Dataset entries:
lemma exists_finite_supercritical:
  assumes "0 \<le> t" "t < t'" "\<not> subcritical q W t'"
  shows "\<exists>F. finite F \<and> F \<subseteq> W \<and> 1 < (\<Sum>i\<in>F. q i powr t)"
proof -
  define \<kappa> where "\<kappa> = (1 / q_bound) powr (t' - t)"
  have "1 < \<kappa>"
    unfolding \<kappa>_def using q_bound_pos q_bound_less_1 assms(2) by (intro gr_one_powr) auto
  hence "\<not> (\<forall>F. finite F \<and> F \<subseteq> W \<longrightarrow> (\<Sum>i\<in>F. q i powr t') \<le> 1 / \<kappa>)"
    using assms unfolding subcritical_def by auto
  then obtain F where F: "finite F" "F \<subseteq> W" "1 / \<kappa> < (\<Sum>i\<in>F. q i powr t')"
    by (auto simp: not_le)
  have "1 < \<kappa> * (\<Sum>i\<in>F. q i powr t')" using F(3) \<open>1 < \<kappa>\<close> by (simp add: field_simps)
  also have "\<dots> \<le> (\<Sum>i\<in>F. q i powr t)"
    unfolding \<kappa>_def sum_distrib_left using assms(2)
    by (intro sum_mono powr_gap q_pos q_le_q_bound) auto
  finally show ?thesis using F(1,2) by blast
qed

lemma hausdorff_dim_gls_C_le:
  assumes "subcritical q W u"
  shows "hausdorff_dim (gls_C q a W) \<le> Inf {t. subcritical q W t}"
proof (rule cInf_greatest)
  show "{t. subcritical q W t} \<noteq> {}" using assms by blast
  show "hausdorff_dim (gls_C q a W) \<le> t" if "t \<in> {t. subcritical q W t}" for t
    using that hausdorff_measure_gls_C_eq_0 by (intro hausdorff_dim_le) (auto simp: subcritical_def)
qed

lemma le_hausdorff_dim_gls_C:
  assumes "finite W" "1 \<le> (\<Sum>i\<in>W. q i powr t)" "0 \<le> u" "hausdorff_measure u (gls_C q a W) = 0"
  shows "t \<le> hausdorff_dim (gls_C q a W)"
proof (rule hausdorff_dim_ge[OF assms(3,4)])
  fix s assume s: "0 \<le> s" "s < t"
  have "(\<Sum>i\<in>W. q i powr t) \<le> (\<Sum>i\<in>W. q i powr s)"
    using s q_pos q_le_1 by (intro sum_mono powr_mono') (auto simp: less_imp_le)
  thus "hausdorff_measure s (gls_C q a W) \<noteq> 0"
    using assms(1,2) s by (intro hausdorff_measure_gls_C_ne_0) auto
qed

lemma eventually_le_hausdorff_dim_gls_C_prefixes:
  assumes sub: "subcritical q (range e) u" and t: "t < Inf {t. subcritical q (range e) t}"
  shows "\<forall>\<^sub>F k in sequentially. t \<le> hausdorff_dim (gls_C q a (e ` {..<k}))"
proof -
  have null: "0 \<le> u" "hausdorff_measure u (gls_C q a (e ` {..<k})) = 0" for k
    using sub hausdorff_measure_gls_C_eq_0[OF subcritical_subset[OF image_mono[OF subset_UNIV] sub]]
    by (simp_all add: subcritical_def)
  show ?thesis
  proof (cases "t < 0")
    case True
    have "0 \<le> hausdorff_dim (gls_C q a (e ` {..<k}))" for k
      by (rule hausdorff_dim_ge[OF null]) simp
    hence "t \<le> hausdorff_dim (gls_C q a (e ` {..<k}))" for k using True by (smt (verit))
    thus ?thesis by (intro always_eventually) blast
  next
    case False
    define t' where "t' = (t + Inf {t. subcritical q (range e) t}) / 2"
    have "t < t'" using t by (simp add: t'_def)
    have "\<not> subcritical q (range e) t'"
    proof
      assume "subcritical q (range e) t'"
      hence "Inf {t. subcritical q (range e) t} \<le> t'"
        by (intro cInf_lower bdd_belowI[of _ 0]) (simp_all add: subcritical_def)
      thus False using t by (simp add: t'_def)
    qed
    then obtain F where F: "finite F" "F \<subseteq> range e" "1 < (\<Sum>i\<in>F. q i powr t)"
      using exists_finite_supercritical[of t t'] False \<open>t < t'\<close> by (metis not_less)
    obtain G where G: "finite G" "F = e ` G" using finite_subset_image[OF F(1,2)] by blast
    obtain K where "G \<subseteq> {..<K}" using finite_nat_bounded[OF G(1)] by blast
    hence K: "F \<subseteq> e ` {..<K}" using G(2) by blast
    have "t \<le> hausdorff_dim (gls_C q a (e ` {..<k}))" if "K \<le> k" for k
    proof (rule le_hausdorff_dim_gls_C[OF _ _ null])
      have "(\<Sum>i\<in>F. q i powr t) \<le> (\<Sum>i\<in>e ` {..<k}. q i powr t)"
        using K that by (intro sum_mono2) auto
      thus "1 \<le> (\<Sum>i\<in>e ` {..<k}. q i powr t)" using F(3) by simp
    qed simp
    thus ?thesis unfolding eventually_sequentially by blast
  qed
qed
lemma prox_objective_attains_min:
  fixes h :: "'a::{real_normed_vector,heine_borel} \<Rightarrow> real"
  assumes "closed D" "convex D" "convex_on D h" "lsc_on D h" "D \<noteq> {}" "\<eta> > 0"
  obtains y where "y \<in> D"
    "\<And>z. z \<in> D \<Longrightarrow> h y + (norm (y - u))\<^sup>2 / (2 * \<eta>) \<le> h z + (norm (z - u))\<^sup>2 / (2 * \<eta>)"
proof -
  define \<phi> where "\<phi> y = h y + (norm (y - u))\<^sup>2 / (2 * \<eta>)" for y
  obtain y0 where "y0 \<in> D" using assms(5) by blast
  obtain c r where "r \<ge> 0" and minorant: "\<And>y. y \<in> D \<Longrightarrow> c - r * norm (y - y0) \<le> h y"
    using convex_lsc_affine_minorant[OF assms(2-4) \<open>y0 \<in> D\<close>] by blast
  have lower: "c - r * norm (u - y0) + ((norm (y - u))\<^sup>2 / (2 * \<eta>) - r * norm (y - u)) \<le> \<phi> y"
    if "y \<in> D" for y
  proof -
    have "r * norm (y - y0) \<le> r * norm (y - u) + r * norm (u - y0)"
      using \<open>r \<ge> 0\<close> norm_triangle_ineq[of "y - u" "u - y0"] by (simp add: mult_left_mono flip: distrib_left)
    then show ?thesis using minorant[OF that] by (simp add: \<phi>_def)
  qed
  \<comment> \<open>Coercivity: outside a large ball around \<open>u\<close> the objective exceeds its value at \<open>y0\<close>.\<close>
  obtain R0 where R0: "\<And>t. t > R0 \<Longrightarrow> \<phi> y0 - c + r * norm (u - y0) < t\<^sup>2 / (2 * \<eta>) - r * t"
    using quadratic_eventually_exceeds_linear[OF assms(6)] by metis
  define R where "R = max R0 (norm (y0 - u))"
  define K where "K = D \<inter> cball u R"
  have far: "\<phi> y0 < \<phi> z" if "z \<in> D" "z \<notin> K" for z
  proof -
    have "norm (z - u) > R0" using that by (auto simp: K_def R_def dist_norm norm_minus_commute)
    with R0 lower[OF \<open>z \<in> D\<close>] show ?thesis by fastforce
  qed
  have "compact K" "y0 \<in> K" using assms(1) \<open>y0 \<in> D\<close> by (auto simp: K_def R_def dist_norm norm_minus_commute closed_Int_compact)
  moreover have "lsc_on K \<phi>"
    unfolding \<phi>_def
  proof (rule lsc_on_add_continuous)
    show "lsc_on K h" using assms(4) by (rule lsc_on_subset) (simp add: K_def)
    show "continuous_on K (\<lambda>y. (norm (y - u))\<^sup>2 / (2 * \<eta>))"
      using assms(6) by (intro continuous_intros) auto
  qed
  moreover have "bdd_below (\<phi> ` K)"
  proof (rule bdd_belowI2)
    fix y assume "y \<in> K"
    then have "norm (y - u) \<le> R" by (simp add: K_def dist_norm norm_minus_commute)
    then have "r * norm (y - u) \<le> r * R" using \<open>r \<ge> 0\<close> by (rule mult_left_mono)
    moreover have "(norm (y - u))\<^sup>2 / (2 * \<eta>) \<ge> 0" using \<open>\<eta> > 0\<close> by simp
    ultimately show "c - r * norm (u - y0) - r * R \<le> \<phi> y"
      using lower[of y] \<open>y \<in> K\<close> unfolding K_def by auto
  qed
  ultimately obtain y where "y \<in> K" "\<And>z. z \<in> K \<Longrightarrow> \<phi> y \<le> \<phi> z"
    using lsc_on_attains_min by blast
  then show ?thesis
    using that[of y] far \<open>y0 \<in> K\<close> by (force simp: \<phi>_def K_def)
qed

locale convex_lsc_regularizer =
  fixes h :: "'a::euclidean_space \<Rightarrow> real" and D :: "'a set"
  assumes closed_D: "closed D" and convex_D: "convex D" and convex_h: "convex_on D h"
    and lsc_h: "lsc_on D h" and D_nonempty: "D \<noteq> {}"
begin

lemma prox_is_arg_min:
  assumes "\<eta> > 0"
  shows "is_arg_min (\<lambda>y. h y + (norm (y - u))\<^sup>2 / (2 * \<eta>)) (\<lambda>y. y \<in> D) (prox h D \<eta> u)"
proof -
  obtain y where "y \<in> D"
    "\<And>z. z \<in> D \<Longrightarrow> h y + (norm (y - u))\<^sup>2 / (2 * \<eta>) \<le> h z + (norm (z - u))\<^sup>2 / (2 * \<eta>)"
    using prox_objective_attains_min[OF closed_D convex_D convex_h lsc_h D_nonempty assms] by blast
  then have "is_arg_min (\<lambda>y. h y + (norm (y - u))\<^sup>2 / (2 * \<eta>)) (\<lambda>y. y \<in> D) y"
    by (simp add: is_arg_min_linorder)
  then show ?thesis unfolding prox_def arg_min_def by (rule someI)
qed

lemma prox_in_D: "\<eta> > 0 \<Longrightarrow> prox h D \<eta> u \<in> D"
  using prox_is_arg_min by (simp add: is_arg_min_linorder)

lemma prox_le:
  "\<eta> > 0 \<Longrightarrow> z \<in> D \<Longrightarrow>
    h (prox h D \<eta> u) + (norm (prox h D \<eta> u - u))\<^sup>2 / (2 * \<eta>) \<le> h z + (norm (z - u))\<^sup>2 / (2 * \<eta>)"
  using prox_is_arg_min by (simp add: is_arg_min_linorder)

lemma prox_variational_inequality:
  fixes u :: 'a
  assumes "\<eta> > 0" "z \<in> D"
  defines "y \<equiv> prox h D \<eta> u"
  shows "h y + ((u - y) \<bullet> (z - y)) / \<eta> \<le> h z"
proof -
  have "y \<in> D" using prox_in_D[OF assms(1)] by (simp add: y_def)
  \<comment> \<open>Compare \<open>y\<close> with the points \<open>y + s (z - y)\<close> of the segment and let \<open>s \<rightarrow> 0\<close>.\<close>
  have "0 \<le> (h z - h y + ((y - u) \<bullet> (z - y)) / \<eta>) + s * ((norm (z - y))\<^sup>2 / (2 * \<eta>))"
    if s: "0 < s" "s \<le> 1" for s
  proof -
    define w where "w = (1 - s) *\<^sub>R y + s *\<^sub>R z"
    have "w \<in> D" using convex_D \<open>y \<in> D\<close> assms(2) s unfolding w_def by (simp add: convex_def)
    then have min: "h y + (norm (y - u))\<^sup>2 / (2 * \<eta>) \<le> h w + (norm (w - u))\<^sup>2 / (2 * \<eta>)"
      using prox_le[OF assms(1)] by (simp add: y_def)
    have hw: "h w \<le> (1 - s) * h y + s * h z"
      unfolding w_def using s \<open>y \<in> D\<close> assms(2) by (intro convex_onD[OF convex_h]) auto
    have "(norm (w - u))\<^sup>2 = (norm ((y - u) + s *\<^sub>R (z - y)))\<^sup>2"
      by (rule arg_cong[where f = "\<lambda>v. (norm v)\<^sup>2"]) (simp add: w_def algebra_simps)
    also have "\<dots> = (norm (y - u))\<^sup>2 + (2 * s * ((y - u) \<bullet> (z - y)) + s\<^sup>2 * (norm (z - y))\<^sup>2)"
      unfolding norm_add_power2 using s by (simp add: power_mult_distrib)
    finally have "(norm (w - u))\<^sup>2 / (2 * \<eta>)
        = (norm (y - u))\<^sup>2 / (2 * \<eta>) + (2 * s * ((y - u) \<bullet> (z - y)) + s\<^sup>2 * (norm (z - y))\<^sup>2) / (2 * \<eta>)"
      by (simp add: add_divide_distrib)
    then have "0 \<le> s * (h z - h y) + (2 * s * ((y - u) \<bullet> (z - y)) + s\<^sup>2 * (norm (z - y))\<^sup>2) / (2 * \<eta>)"
      using min hw by (simp add: algebra_simps)
    also have "\<dots> = s * ((h z - h y + ((y - u) \<bullet> (z - y)) / \<eta>) + s * ((norm (z - y))\<^sup>2 / (2 * \<eta>)))"
      using assms(1) by (simp add: field_simps power2_eq_square)
    finally show ?thesis using s by (simp add: zero_le_mult_iff)
  qed
  then have "0 \<le> h z - h y + ((y - u) \<bullet> (z - y)) / \<eta>"
    by (rule nonneg_if_nonneg_add_small_mult[rotated]) (use assms(1) in auto)
  moreover have "(y - u) \<bullet> (z - y) = - ((u - y) \<bullet> (z - y))"
    by (simp flip: inner_minus_left)
  ultimately show ?thesis by simp
qed

lemma prox_three_point:
  fixes x v :: 'a
  assumes "\<eta> > 0" "z \<in> D"
  defines "y \<equiv> prox h D \<eta> (x - \<eta> *\<^sub>R v)"
  shows "h y + v \<bullet> (y - x) + (norm (y - x))\<^sup>2 / (2 * \<eta>)
         \<le> h z + v \<bullet> (z - x) + (norm (z - x))\<^sup>2 / (2 * \<eta>) - (norm (z - y))\<^sup>2 / (2 * \<eta>)"
proof -
  have "h y + (((x - \<eta> *\<^sub>R v) - y) \<bullet> (z - y)) / \<eta> \<le> h z"
    using prox_variational_inequality[OF assms(1,2)] by (simp add: y_def)
  moreover have "(((x - \<eta> *\<^sub>R v) - y) \<bullet> (z - y)) / \<eta> = ((x - y) \<bullet> (z - y)) / \<eta> - v \<bullet> (z - y)"
    using assms(1) by (simp add: inner_diff_left inner_add_left field_simps)
  moreover have "(norm (z - x))\<^sup>2 - (norm (z - y))\<^sup>2 - (norm (y - x))\<^sup>2 = - 2 * ((x - y) \<bullet> (z - y))"
    using norm_add_power2[of "z - y" "y - x"]
    by (simp add: inner_commute inner_diff_left inner_diff_right)
  then have "(norm (z - x))\<^sup>2 / (2 * \<eta>) - (norm (z - y))\<^sup>2 / (2 * \<eta>) - (norm (y - x))\<^sup>2 / (2 * \<eta>)
      = - ((x - y) \<bullet> (z - y)) / \<eta>"
    using assms(1) by (simp flip: diff_divide_distrib)
  moreover have "v \<bullet> (z - x) = v \<bullet> (z - y) + v \<bullet> (y - x)" by (simp add: inner_diff_right)
  ultimately show ?thesis by linarith
qed

end

section \<open>Expectations over finitely supported distributions\<close>

abbreviation E :: "'b pmf \<Rightarrow> ('b \<Rightarrow> real) \<Rightarrow> real" where
  "E p f \<equiv> measure_pmf.expectation p f"

lemma expectation_finite_sum:
  "finite (set_pmf p) \<Longrightarrow> E p f = (\<Sum>a\<in>set_pmf p. pmf p a * f a)"
  by (subst integral_measure_pmf[of "set_pmf p"]) auto

lemma expectation_bind_finite:
  assumes "finite (set_pmf p)" "\<And>x. x \<in> set_pmf p \<Longrightarrow> finite (set_pmf (q x))"
  shows "E (bind_pmf p q) f = E p (\<lambda>x. E (q x) f)"
  using pmf_expectation_bind[OF assms order_refl, where h = f] expectation_finite_sum[OF assms(1)] by simp

lemma expectation_bind_return:
  "E (bind_pmf p (\<lambda>x. return_pmf (g x))) f = E p (\<lambda>x. f (g x))"
  by (simp flip: map_pmf_def)

lemma expectation_cong_finite:
  "finite (set_pmf p) \<Longrightarrow> (\<And>x. x \<in> set_pmf p \<Longrightarrow> f x = g x) \<Longrightarrow> E p f = E p g"
  by (simp add: expectation_finite_sum)

lemma expectation_mono_finite:
  "finite (set_pmf p) \<Longrightarrow> (\<And>x. x \<in> set_pmf p \<Longrightarrow> f x \<le> g x) \<Longrightarrow> E p f \<le> E p g"
  unfolding expectation_finite_sum by (intro sum_mono mult_left_mono) auto

lemma expectation_add_finite:
  "finite (set_pmf p) \<Longrightarrow> E p (\<lambda>x. f x + g x) = E p f + E p g"
  by (simp add: expectation_finite_sum distrib_left sum.distrib)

# BRIEF
Look above and return each line of the records exactly, from the very first through the line with "define \<kappa> where", both included.

# ANSWER BOX
lemma exists_finite_supercritical:
  assumes "0 \<le> t" "t < t'" "\<not> subcritical q W t'"
  shows "\<exists>F. finite F \<and> F \<subseteq> W \<and> 1 < (\<Sum>i\<in>F. q i powr t)"
proof -
  define \<kappa> where "\<kappa> = (1 / q_bound) powr (t' - t)"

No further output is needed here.